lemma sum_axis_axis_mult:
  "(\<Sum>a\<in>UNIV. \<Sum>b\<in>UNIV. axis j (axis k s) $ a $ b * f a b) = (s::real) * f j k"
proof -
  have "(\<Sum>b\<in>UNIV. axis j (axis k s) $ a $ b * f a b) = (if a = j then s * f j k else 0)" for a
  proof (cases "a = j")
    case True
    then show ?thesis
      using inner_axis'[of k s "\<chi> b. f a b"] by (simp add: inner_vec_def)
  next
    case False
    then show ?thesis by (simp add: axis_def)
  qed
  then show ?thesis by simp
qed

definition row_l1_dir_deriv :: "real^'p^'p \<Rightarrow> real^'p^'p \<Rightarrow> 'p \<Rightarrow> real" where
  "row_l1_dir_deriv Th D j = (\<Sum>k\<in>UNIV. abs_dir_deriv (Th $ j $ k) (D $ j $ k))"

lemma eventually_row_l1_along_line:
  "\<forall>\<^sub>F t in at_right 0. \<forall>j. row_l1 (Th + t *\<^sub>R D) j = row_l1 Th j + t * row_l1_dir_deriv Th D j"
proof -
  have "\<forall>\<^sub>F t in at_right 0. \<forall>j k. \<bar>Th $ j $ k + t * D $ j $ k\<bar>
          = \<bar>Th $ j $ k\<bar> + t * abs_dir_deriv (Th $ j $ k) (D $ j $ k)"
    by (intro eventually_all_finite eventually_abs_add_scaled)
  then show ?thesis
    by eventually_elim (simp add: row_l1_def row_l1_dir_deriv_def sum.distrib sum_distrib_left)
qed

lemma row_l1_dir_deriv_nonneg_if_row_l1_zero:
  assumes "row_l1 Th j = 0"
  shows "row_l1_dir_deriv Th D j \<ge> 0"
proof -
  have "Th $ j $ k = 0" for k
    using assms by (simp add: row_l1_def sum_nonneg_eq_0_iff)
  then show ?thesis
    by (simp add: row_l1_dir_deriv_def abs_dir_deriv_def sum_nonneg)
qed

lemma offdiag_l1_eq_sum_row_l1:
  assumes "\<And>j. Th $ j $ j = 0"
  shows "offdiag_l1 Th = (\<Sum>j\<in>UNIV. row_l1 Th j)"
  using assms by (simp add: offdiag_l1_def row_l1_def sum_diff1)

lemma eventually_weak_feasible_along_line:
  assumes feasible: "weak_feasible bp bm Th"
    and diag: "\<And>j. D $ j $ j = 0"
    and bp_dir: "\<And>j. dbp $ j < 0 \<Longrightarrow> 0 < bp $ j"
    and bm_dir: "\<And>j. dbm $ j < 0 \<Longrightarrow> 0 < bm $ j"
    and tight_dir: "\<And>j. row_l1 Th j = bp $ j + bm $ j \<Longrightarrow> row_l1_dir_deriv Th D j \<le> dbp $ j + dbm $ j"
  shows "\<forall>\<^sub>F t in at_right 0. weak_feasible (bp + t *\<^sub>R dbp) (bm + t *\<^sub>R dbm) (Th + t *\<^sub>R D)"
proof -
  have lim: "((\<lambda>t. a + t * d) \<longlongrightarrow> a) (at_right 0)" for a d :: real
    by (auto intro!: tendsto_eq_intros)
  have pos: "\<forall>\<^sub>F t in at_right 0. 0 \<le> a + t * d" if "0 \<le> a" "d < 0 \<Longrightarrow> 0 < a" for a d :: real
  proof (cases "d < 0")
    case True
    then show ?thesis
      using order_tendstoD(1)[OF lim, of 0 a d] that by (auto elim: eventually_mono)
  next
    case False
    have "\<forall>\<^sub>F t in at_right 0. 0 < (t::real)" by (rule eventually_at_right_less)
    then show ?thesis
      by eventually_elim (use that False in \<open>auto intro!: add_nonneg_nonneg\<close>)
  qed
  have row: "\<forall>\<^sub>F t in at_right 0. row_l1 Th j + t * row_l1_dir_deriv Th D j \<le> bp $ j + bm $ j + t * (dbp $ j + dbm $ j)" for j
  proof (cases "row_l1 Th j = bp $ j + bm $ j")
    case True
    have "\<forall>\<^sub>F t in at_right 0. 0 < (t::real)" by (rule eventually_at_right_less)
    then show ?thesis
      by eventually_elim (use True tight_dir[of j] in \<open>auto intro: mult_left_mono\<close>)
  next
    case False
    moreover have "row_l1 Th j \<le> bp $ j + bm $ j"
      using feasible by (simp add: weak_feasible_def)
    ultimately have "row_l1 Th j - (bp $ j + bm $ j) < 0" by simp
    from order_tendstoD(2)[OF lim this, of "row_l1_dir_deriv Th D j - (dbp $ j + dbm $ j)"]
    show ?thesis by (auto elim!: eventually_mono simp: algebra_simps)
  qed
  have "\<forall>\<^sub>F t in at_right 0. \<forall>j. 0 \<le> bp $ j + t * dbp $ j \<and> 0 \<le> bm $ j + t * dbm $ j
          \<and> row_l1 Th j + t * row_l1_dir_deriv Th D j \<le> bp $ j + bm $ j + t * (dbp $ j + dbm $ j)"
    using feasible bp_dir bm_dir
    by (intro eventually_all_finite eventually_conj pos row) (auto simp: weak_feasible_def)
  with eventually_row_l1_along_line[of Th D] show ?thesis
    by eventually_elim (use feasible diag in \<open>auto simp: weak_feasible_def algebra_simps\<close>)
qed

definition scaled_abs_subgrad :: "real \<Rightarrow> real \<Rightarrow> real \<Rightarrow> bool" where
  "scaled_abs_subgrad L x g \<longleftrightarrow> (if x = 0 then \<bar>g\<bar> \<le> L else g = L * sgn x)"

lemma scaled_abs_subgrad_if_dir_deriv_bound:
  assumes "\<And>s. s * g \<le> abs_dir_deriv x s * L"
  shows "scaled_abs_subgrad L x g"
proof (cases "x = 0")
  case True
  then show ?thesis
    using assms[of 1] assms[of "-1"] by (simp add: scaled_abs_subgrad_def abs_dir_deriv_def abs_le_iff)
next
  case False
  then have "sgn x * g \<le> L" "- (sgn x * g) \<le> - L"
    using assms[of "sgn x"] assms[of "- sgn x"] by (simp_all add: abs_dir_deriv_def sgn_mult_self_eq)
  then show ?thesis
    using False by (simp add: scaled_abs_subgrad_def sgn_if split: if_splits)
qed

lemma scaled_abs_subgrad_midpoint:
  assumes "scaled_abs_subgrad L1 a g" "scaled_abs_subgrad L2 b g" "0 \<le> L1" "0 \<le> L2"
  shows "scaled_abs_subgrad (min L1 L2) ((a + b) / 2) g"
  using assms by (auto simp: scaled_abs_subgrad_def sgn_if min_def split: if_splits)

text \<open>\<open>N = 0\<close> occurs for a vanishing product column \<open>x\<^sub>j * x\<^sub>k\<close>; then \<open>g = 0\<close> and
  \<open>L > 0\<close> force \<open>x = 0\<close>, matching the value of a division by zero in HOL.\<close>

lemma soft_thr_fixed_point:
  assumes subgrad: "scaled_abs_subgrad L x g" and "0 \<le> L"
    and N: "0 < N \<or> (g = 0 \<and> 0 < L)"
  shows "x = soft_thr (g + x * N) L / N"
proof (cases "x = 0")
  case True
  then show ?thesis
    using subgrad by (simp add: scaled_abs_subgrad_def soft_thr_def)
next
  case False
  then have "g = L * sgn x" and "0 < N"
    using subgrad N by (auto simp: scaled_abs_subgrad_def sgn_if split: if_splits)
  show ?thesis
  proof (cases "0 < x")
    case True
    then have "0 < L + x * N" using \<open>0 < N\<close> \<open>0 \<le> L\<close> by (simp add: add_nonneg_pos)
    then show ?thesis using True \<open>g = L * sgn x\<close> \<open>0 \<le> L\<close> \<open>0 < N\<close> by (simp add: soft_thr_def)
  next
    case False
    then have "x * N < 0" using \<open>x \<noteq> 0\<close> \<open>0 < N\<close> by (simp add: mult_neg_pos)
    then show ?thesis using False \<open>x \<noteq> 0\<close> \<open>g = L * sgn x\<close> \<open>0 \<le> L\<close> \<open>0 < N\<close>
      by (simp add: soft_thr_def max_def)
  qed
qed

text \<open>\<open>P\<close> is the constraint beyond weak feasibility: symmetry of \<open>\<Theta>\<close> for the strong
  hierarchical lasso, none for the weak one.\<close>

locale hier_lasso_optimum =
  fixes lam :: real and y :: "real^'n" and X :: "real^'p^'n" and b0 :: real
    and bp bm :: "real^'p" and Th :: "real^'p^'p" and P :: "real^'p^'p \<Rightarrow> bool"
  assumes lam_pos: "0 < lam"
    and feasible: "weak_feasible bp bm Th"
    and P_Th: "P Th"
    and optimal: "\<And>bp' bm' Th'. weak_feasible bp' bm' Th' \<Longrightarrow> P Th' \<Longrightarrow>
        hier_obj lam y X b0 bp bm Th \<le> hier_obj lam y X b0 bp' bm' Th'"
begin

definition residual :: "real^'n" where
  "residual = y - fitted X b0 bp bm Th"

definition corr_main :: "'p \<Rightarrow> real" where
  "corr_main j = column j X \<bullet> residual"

= = =

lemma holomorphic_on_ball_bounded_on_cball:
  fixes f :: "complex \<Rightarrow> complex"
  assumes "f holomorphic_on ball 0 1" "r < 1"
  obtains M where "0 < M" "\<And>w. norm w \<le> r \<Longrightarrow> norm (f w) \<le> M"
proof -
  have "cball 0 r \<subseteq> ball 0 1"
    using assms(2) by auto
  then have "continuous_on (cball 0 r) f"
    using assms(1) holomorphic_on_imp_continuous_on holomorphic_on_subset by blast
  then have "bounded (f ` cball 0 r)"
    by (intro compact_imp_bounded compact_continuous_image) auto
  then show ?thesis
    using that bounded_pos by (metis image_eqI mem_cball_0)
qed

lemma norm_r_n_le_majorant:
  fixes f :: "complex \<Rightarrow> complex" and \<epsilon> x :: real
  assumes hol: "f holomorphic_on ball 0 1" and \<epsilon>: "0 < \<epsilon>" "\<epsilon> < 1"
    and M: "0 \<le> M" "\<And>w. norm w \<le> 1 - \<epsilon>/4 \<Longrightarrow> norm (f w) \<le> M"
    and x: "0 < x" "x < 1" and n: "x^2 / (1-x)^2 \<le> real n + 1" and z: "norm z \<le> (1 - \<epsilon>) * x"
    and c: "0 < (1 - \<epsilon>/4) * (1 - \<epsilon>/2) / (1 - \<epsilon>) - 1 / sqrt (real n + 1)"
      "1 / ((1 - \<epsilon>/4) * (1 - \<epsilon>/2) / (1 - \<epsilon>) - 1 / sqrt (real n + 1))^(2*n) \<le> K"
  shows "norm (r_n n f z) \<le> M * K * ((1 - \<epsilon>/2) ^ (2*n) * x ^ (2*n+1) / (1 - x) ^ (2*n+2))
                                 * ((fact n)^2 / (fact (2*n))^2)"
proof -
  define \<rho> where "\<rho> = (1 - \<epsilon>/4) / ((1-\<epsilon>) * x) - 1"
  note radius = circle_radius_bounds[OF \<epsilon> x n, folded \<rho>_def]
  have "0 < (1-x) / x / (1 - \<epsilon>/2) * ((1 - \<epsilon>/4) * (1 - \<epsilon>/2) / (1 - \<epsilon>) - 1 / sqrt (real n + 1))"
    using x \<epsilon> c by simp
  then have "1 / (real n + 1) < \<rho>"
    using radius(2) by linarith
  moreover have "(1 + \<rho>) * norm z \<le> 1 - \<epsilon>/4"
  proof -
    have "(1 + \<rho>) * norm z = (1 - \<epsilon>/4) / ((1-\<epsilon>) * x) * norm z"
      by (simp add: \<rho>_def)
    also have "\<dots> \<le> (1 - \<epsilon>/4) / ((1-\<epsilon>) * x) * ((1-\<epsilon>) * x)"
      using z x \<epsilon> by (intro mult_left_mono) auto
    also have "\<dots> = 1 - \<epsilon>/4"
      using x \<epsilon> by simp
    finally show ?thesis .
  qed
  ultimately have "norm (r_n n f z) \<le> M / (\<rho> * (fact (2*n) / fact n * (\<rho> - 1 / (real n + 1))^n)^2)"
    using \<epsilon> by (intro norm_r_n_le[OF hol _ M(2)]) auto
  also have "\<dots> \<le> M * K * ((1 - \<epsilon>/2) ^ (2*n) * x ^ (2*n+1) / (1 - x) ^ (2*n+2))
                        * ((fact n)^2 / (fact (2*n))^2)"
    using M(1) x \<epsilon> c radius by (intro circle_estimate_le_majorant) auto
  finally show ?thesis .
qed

= = =

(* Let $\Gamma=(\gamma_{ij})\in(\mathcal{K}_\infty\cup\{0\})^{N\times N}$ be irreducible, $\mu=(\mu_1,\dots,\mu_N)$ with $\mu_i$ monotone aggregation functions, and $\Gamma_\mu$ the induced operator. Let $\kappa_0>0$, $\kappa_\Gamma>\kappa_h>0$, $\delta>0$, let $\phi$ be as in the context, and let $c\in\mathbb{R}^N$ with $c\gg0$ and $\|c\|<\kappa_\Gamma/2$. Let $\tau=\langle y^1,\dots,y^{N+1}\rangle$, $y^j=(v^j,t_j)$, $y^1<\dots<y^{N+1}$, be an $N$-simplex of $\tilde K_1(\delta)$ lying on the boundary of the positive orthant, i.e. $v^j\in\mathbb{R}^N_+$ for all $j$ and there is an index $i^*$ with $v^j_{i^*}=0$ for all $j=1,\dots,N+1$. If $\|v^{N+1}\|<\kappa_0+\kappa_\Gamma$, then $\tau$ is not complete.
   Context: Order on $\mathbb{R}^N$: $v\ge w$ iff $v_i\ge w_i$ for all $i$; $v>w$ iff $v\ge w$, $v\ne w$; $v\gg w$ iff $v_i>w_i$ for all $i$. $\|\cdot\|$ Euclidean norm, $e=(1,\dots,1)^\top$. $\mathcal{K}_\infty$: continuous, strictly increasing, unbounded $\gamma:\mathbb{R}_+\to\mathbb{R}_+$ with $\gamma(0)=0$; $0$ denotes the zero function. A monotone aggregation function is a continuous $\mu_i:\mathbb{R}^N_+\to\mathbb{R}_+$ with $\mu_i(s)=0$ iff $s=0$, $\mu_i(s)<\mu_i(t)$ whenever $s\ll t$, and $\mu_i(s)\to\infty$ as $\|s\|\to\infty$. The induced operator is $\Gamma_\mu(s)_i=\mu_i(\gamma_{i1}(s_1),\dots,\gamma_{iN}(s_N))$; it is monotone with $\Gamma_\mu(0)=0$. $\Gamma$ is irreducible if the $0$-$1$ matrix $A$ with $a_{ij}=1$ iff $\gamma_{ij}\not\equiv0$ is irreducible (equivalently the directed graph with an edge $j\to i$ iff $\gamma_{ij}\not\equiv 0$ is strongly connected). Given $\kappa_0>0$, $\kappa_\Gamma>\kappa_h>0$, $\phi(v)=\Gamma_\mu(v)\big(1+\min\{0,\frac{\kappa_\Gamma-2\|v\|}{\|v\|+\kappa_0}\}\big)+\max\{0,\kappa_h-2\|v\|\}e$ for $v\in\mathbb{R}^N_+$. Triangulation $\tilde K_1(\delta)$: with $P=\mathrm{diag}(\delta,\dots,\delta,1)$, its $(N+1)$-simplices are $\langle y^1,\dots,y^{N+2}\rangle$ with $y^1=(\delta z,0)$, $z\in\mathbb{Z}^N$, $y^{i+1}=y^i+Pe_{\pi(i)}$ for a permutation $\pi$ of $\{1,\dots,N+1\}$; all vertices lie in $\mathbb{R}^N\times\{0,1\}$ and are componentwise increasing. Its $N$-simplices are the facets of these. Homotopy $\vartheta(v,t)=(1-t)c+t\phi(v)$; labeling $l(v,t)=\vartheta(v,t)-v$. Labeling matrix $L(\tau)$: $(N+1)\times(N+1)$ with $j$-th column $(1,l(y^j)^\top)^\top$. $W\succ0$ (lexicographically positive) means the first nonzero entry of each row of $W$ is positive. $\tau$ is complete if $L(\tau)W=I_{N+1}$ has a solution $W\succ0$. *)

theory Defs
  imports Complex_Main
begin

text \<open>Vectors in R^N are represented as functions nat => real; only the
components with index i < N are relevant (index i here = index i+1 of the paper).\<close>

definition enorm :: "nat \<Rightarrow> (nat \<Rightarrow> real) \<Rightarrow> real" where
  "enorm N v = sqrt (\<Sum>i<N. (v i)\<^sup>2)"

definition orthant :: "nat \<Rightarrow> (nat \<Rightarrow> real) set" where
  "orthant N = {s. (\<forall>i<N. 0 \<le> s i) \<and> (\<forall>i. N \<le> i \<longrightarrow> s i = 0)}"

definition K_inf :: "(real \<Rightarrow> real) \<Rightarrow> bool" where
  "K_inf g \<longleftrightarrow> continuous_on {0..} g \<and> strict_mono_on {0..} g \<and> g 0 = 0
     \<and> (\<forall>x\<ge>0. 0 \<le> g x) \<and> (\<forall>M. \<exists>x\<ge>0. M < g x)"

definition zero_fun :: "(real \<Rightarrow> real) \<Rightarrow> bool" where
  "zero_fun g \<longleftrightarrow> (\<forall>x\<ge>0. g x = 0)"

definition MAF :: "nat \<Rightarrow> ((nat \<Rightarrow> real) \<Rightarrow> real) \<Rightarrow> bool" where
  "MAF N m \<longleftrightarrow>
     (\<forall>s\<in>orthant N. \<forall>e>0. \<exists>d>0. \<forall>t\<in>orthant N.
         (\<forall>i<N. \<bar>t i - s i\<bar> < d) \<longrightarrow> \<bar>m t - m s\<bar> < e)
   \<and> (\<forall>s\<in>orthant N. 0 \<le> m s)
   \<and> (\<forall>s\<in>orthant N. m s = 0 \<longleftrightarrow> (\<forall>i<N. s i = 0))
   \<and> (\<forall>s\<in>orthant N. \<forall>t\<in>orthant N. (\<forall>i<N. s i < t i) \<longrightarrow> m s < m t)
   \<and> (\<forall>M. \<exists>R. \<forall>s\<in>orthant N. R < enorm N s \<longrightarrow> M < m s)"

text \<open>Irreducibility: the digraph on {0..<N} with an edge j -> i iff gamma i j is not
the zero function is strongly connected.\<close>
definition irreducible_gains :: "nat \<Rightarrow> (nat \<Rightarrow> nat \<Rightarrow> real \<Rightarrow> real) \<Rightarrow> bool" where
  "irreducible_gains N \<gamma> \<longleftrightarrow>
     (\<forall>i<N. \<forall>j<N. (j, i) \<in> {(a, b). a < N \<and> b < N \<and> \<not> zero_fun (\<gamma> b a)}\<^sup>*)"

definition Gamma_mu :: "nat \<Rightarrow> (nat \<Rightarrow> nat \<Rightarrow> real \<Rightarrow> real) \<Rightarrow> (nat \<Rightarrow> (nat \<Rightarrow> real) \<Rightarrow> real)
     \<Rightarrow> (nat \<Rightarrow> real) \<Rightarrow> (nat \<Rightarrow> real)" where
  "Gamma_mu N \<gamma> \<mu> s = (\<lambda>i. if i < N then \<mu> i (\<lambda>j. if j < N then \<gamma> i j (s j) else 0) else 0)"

= = =

◆ **Assignment**
Tell how many lines of the records above contain "else", replying with the number only.

◆ **Output of the task**
3